● **WORK REQUIRED**: Show each line from the listing that includes the word "then".

● **RECORDS SHOWN**:
*** Block opens ***
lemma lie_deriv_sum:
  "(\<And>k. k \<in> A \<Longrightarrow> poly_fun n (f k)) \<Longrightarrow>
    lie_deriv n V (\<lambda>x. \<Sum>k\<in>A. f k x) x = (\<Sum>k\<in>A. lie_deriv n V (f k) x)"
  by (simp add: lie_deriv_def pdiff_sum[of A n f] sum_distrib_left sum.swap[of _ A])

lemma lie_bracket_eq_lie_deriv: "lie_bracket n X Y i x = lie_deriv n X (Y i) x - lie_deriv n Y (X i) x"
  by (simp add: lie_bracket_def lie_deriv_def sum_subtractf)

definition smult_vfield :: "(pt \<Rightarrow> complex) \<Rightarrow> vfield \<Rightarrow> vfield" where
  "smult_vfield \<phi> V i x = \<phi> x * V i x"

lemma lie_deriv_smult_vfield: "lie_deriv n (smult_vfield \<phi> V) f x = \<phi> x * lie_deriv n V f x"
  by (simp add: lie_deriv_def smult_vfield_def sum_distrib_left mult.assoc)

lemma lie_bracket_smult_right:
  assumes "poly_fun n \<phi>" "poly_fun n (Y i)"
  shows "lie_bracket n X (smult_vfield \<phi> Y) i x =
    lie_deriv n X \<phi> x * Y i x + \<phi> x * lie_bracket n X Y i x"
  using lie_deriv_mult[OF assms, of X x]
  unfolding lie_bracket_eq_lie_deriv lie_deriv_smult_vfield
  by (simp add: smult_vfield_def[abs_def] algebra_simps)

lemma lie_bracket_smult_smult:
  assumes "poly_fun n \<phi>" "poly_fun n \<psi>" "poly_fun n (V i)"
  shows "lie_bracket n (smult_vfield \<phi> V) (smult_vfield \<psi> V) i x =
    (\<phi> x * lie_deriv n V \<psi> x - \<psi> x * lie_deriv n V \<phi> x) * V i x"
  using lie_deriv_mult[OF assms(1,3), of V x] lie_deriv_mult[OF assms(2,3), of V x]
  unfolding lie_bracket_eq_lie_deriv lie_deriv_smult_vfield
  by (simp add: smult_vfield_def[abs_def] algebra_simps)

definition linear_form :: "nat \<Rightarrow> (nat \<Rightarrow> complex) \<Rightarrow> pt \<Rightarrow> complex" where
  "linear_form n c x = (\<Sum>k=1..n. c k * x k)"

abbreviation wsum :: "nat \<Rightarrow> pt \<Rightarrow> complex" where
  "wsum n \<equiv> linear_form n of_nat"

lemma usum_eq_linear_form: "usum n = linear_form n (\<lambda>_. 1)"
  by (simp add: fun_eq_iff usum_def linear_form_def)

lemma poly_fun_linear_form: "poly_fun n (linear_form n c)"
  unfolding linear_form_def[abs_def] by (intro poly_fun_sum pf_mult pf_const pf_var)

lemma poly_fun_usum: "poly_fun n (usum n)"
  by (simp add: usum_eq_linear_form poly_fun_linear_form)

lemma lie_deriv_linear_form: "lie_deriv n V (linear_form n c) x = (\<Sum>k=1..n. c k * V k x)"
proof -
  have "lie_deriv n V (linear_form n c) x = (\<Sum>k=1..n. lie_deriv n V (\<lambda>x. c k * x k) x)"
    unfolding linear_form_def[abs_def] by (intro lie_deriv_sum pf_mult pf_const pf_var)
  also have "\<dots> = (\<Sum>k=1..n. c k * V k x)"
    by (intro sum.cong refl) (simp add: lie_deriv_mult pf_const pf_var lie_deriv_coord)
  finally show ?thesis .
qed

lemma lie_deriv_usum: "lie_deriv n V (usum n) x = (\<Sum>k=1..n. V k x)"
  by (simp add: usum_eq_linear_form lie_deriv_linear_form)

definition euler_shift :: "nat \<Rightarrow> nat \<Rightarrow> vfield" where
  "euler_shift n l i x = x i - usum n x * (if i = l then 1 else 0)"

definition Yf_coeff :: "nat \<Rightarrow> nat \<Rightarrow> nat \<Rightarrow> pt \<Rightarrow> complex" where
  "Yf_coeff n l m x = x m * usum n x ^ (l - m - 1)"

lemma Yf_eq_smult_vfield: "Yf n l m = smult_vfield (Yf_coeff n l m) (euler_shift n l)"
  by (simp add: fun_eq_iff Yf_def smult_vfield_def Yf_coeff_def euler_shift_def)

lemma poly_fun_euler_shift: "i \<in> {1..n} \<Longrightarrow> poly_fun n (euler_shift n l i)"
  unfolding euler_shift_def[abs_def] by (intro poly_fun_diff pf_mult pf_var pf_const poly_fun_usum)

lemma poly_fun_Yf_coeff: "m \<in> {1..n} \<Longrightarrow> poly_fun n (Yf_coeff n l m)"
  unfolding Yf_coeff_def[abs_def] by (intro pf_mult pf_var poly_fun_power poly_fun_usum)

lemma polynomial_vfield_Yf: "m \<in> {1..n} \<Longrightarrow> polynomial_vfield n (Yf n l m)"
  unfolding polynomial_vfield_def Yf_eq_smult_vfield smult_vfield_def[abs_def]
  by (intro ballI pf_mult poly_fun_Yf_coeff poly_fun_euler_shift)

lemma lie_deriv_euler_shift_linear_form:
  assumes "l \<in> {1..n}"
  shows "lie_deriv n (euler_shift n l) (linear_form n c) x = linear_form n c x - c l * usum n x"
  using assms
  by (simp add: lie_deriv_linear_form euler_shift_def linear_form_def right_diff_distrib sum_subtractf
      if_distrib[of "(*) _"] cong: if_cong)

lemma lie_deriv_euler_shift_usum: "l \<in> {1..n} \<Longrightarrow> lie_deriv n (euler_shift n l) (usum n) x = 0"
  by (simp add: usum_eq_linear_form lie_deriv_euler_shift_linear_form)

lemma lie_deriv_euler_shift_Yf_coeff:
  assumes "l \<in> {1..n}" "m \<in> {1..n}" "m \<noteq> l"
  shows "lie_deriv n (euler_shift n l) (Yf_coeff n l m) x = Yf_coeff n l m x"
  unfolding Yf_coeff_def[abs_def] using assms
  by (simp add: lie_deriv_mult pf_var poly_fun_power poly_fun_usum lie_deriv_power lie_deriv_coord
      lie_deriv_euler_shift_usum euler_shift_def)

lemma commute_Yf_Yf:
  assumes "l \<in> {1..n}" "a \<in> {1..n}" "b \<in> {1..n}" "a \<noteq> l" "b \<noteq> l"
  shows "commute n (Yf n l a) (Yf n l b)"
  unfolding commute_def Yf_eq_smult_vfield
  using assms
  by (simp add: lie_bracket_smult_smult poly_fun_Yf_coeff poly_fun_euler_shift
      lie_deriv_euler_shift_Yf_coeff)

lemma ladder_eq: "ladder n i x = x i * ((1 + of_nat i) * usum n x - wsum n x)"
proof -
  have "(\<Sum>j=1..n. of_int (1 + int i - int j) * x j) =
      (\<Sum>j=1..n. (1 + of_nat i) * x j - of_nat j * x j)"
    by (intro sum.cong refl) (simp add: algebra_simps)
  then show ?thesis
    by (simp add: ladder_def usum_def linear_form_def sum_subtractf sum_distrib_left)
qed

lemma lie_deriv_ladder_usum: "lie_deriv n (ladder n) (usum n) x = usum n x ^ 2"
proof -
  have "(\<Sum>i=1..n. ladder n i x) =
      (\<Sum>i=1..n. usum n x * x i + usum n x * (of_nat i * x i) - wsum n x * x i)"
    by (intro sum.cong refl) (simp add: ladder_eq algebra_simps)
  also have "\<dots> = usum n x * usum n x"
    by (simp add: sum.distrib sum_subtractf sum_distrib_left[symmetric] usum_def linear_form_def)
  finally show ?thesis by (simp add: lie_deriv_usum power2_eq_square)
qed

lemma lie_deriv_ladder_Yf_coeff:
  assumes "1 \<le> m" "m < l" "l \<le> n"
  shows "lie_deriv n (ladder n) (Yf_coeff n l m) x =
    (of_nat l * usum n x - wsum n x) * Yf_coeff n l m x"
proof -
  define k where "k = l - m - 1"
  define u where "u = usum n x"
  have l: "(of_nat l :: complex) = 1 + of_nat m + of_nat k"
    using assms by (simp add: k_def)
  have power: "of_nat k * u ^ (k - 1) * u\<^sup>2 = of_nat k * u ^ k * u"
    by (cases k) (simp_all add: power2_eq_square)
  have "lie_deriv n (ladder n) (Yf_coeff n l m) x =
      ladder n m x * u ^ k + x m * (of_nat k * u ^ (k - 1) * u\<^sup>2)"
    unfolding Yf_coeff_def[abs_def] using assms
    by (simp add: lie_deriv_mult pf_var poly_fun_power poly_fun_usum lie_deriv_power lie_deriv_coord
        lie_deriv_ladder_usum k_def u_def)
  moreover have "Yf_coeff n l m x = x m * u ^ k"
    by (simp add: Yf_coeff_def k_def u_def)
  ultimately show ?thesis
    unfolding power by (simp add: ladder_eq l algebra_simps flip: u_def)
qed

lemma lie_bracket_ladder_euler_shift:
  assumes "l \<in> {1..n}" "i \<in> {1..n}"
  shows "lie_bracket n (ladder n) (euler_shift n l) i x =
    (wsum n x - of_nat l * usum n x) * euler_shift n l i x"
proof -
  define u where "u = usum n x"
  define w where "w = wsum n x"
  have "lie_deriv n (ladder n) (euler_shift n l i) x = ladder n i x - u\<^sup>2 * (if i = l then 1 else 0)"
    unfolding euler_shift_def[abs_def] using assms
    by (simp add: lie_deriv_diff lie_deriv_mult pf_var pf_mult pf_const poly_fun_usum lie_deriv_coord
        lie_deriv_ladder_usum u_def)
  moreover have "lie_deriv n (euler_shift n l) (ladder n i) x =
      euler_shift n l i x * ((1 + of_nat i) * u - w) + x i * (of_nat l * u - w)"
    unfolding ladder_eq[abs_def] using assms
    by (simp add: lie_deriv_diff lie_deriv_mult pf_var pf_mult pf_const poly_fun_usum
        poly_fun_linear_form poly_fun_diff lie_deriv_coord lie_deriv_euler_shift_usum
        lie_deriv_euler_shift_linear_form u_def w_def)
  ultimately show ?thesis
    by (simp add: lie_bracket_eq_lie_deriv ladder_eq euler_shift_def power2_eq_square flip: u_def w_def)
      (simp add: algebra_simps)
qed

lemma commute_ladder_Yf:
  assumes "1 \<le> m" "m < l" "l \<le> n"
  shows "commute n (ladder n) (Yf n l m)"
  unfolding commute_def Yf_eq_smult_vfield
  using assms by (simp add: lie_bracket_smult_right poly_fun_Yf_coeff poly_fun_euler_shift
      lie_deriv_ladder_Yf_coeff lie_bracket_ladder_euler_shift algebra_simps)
*** Block closes ***
● **RESPONSE AREA**:
  "euler_shift n l i x = x i - usum n x * (if i = l then 1 else 0)"
  then show ?thesis
  have "lie_deriv n (ladder n) (euler_shift n l i) x = ladder n i x - u\<^sup>2 * (if i = l then 1 else 0)"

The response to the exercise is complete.